### PROBLEM TO SOLVE
Copy word for word, please, the lines of the entries below running from the one containing "text \<open>On the" to the one containing "0\<close>, the hinge", both ends included.

--- RECORD EXTRACTS Enclosed Below ---

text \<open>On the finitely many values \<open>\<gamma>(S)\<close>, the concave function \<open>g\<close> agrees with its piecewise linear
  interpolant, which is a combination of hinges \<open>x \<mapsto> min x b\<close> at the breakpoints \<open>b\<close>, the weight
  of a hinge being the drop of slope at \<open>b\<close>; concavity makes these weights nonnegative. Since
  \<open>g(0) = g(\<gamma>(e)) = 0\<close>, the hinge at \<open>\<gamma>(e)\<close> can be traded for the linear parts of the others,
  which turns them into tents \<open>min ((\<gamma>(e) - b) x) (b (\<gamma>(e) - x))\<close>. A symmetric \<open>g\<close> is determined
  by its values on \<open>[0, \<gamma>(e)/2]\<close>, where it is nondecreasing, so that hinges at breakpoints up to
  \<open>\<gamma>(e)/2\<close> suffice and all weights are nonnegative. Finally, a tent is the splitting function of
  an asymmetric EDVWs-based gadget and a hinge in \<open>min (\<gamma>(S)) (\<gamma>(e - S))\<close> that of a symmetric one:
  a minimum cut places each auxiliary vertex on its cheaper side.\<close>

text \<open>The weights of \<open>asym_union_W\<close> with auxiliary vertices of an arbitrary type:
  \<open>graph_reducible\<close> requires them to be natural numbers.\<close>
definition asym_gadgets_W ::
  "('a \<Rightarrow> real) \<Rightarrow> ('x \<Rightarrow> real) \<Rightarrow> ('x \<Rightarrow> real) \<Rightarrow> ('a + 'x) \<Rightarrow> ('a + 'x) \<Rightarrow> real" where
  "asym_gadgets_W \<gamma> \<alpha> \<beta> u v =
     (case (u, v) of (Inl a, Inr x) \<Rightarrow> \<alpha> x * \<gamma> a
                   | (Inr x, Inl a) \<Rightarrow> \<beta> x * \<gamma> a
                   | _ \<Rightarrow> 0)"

--- End of Enclosed RECORD EXTRACTS ---
--- RECORD EXTRACTS Enclosed Below ---

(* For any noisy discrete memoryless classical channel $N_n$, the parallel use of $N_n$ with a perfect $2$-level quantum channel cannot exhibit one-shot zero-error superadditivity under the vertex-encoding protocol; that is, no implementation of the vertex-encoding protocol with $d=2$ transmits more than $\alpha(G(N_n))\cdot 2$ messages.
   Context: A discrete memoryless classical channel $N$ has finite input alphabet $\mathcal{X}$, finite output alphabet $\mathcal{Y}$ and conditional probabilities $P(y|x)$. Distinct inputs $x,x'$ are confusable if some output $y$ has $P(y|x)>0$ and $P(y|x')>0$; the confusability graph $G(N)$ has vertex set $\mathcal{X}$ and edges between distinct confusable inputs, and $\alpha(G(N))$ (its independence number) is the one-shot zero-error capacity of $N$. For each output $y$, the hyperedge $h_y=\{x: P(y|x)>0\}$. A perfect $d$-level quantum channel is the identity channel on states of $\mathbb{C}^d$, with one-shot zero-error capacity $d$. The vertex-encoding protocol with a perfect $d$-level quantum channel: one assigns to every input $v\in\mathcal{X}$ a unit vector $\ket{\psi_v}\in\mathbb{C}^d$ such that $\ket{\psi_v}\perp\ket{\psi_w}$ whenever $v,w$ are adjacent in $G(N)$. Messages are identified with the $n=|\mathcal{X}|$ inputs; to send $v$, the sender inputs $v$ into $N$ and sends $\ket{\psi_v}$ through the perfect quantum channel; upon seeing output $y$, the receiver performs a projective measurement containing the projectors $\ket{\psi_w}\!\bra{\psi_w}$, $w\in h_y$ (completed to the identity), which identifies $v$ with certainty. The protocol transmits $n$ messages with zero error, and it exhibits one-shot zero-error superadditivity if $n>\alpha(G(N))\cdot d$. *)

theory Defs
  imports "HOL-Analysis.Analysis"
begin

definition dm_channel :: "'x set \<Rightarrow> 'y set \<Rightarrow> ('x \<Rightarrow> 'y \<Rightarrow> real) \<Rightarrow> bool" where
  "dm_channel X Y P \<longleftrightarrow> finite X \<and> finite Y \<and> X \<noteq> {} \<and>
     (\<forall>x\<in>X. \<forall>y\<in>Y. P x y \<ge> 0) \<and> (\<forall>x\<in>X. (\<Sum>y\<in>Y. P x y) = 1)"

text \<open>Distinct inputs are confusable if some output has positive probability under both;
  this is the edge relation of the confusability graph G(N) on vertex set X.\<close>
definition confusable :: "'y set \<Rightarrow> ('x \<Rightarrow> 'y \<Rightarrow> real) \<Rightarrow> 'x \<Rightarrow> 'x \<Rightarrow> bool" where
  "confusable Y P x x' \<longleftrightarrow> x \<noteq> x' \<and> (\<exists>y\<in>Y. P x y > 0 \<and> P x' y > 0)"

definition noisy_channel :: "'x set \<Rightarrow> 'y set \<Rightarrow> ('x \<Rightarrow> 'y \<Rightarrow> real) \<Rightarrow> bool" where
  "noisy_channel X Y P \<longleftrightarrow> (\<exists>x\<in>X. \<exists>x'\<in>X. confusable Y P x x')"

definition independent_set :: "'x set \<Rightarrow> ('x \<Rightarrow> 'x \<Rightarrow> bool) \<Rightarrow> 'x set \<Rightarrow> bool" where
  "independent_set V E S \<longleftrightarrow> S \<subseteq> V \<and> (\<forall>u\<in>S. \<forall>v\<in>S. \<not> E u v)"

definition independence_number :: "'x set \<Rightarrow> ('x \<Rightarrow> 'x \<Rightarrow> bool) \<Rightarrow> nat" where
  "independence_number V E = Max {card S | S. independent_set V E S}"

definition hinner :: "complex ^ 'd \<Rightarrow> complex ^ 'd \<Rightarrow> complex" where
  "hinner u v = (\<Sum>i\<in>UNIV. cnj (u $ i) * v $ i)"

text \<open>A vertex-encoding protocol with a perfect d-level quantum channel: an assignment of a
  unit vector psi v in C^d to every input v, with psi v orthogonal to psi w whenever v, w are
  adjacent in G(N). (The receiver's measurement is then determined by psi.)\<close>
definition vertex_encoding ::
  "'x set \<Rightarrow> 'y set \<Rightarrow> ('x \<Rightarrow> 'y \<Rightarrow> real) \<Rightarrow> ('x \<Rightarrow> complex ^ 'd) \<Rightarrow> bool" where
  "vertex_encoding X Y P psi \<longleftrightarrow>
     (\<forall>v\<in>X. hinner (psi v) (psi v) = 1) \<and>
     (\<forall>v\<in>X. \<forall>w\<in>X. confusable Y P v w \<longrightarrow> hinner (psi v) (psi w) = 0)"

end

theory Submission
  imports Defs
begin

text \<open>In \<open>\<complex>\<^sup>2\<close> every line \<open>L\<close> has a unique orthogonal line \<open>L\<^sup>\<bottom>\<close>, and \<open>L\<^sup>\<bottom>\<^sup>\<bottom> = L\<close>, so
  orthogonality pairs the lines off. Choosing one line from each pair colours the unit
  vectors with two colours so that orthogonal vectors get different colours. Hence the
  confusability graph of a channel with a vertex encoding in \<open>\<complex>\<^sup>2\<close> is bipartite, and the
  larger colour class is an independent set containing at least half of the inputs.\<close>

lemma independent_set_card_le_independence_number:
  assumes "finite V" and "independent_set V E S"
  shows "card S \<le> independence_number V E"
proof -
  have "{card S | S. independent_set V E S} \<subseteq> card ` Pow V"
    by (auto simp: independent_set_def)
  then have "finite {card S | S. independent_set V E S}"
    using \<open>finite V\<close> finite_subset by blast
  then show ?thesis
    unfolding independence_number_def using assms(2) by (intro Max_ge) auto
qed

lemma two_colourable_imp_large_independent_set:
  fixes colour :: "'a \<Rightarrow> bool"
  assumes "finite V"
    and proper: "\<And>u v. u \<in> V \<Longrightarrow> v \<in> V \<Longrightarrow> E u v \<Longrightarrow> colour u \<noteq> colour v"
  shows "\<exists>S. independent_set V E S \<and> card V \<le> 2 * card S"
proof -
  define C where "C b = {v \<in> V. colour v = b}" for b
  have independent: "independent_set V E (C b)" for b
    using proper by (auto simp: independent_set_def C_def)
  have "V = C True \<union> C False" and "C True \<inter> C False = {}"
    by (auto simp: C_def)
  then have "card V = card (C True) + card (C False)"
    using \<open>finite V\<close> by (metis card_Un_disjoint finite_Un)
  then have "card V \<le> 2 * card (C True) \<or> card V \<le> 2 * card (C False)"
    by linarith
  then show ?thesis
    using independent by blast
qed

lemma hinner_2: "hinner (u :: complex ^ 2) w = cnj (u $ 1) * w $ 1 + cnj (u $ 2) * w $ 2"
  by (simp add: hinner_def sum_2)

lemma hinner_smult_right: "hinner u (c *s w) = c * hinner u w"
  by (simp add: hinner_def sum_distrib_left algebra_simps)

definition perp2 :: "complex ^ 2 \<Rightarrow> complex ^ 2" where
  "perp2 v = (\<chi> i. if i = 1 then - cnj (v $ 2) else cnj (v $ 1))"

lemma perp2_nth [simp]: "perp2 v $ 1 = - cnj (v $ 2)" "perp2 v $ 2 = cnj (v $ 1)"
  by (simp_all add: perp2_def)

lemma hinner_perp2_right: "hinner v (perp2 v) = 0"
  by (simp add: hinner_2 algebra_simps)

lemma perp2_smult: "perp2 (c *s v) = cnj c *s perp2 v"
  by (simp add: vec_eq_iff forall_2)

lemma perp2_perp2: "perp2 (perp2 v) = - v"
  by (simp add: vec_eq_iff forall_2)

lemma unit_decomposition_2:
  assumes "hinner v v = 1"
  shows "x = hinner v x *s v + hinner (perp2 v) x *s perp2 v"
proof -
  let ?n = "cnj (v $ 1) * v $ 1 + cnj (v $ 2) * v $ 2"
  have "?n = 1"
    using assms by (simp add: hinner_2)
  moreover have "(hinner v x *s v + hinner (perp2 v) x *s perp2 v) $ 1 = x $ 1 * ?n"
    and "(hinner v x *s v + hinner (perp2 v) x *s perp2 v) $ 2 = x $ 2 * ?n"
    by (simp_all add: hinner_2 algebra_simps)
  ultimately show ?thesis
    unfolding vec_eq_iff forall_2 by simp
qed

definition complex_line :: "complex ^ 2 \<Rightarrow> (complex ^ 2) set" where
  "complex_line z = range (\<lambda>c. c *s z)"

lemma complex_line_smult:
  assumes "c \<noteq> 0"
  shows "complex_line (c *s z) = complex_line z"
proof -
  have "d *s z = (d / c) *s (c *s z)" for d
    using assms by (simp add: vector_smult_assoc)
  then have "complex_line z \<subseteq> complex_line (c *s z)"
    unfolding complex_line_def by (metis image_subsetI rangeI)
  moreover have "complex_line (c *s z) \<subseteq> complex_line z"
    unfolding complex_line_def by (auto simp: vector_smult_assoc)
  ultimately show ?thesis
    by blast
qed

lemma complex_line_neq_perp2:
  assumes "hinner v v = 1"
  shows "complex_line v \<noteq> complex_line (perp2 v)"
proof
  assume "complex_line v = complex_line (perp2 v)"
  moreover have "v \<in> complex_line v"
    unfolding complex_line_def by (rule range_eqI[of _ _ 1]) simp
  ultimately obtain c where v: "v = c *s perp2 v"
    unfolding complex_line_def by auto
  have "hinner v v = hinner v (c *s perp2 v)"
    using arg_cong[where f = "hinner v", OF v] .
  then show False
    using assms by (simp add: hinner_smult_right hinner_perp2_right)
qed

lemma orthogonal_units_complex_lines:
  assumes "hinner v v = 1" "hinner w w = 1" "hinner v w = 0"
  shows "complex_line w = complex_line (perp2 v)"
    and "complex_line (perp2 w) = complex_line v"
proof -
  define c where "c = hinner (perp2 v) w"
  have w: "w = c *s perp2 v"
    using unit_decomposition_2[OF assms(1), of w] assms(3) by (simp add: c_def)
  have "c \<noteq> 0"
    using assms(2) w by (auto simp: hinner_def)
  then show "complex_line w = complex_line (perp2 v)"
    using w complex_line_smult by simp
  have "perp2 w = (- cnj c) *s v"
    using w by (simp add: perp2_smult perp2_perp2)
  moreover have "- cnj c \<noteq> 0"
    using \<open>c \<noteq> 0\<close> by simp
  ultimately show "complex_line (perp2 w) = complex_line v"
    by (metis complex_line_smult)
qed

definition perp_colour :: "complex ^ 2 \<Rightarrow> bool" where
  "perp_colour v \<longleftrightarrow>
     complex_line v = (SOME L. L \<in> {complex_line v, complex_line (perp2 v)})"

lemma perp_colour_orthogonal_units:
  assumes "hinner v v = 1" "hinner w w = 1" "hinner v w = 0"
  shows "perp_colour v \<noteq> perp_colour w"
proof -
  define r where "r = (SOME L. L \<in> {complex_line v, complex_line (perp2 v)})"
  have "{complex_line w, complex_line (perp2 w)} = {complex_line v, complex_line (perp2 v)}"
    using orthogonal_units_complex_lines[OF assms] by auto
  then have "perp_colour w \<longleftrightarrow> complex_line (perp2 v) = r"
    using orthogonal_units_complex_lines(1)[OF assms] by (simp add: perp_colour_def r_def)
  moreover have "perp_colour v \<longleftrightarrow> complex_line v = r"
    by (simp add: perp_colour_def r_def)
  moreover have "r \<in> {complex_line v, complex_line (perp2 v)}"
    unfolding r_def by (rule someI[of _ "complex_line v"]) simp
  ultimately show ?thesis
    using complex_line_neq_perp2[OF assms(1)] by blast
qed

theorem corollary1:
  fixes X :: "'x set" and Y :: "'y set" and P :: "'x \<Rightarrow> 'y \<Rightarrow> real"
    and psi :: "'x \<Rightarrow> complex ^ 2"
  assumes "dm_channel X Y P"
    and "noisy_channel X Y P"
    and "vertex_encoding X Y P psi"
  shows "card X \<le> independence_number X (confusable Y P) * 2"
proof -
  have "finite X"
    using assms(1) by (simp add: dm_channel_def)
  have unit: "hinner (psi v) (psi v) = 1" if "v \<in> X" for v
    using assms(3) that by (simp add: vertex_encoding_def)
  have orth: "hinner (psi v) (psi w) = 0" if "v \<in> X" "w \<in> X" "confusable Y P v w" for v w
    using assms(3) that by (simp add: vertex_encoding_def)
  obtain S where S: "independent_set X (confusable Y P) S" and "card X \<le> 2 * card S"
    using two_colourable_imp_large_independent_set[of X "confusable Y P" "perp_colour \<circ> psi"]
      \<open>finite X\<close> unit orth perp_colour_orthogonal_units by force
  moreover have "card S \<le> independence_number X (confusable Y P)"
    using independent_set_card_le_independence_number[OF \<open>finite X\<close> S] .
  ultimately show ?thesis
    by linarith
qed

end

--- End of Enclosed RECORD EXTRACTS ---

### THE ANSWER
text \<open>On the finitely many values \<open>\<gamma>(S)\<close>, the concave function \<open>g\<close> agrees with its piecewise linear
  interpolant, which is a combination of hinges \<open>x \<mapsto> min x b\<close> at the breakpoints \<open>b\<close>, the weight
  of a hinge being the drop of slope at \<open>b\<close>; concavity makes these weights nonnegative. Since
  \<open>g(0) = g(\<gamma>(e)) = 0\<close>, the hinge at \<open>\<gamma>(e)\<close> can be traded for the linear parts of the others,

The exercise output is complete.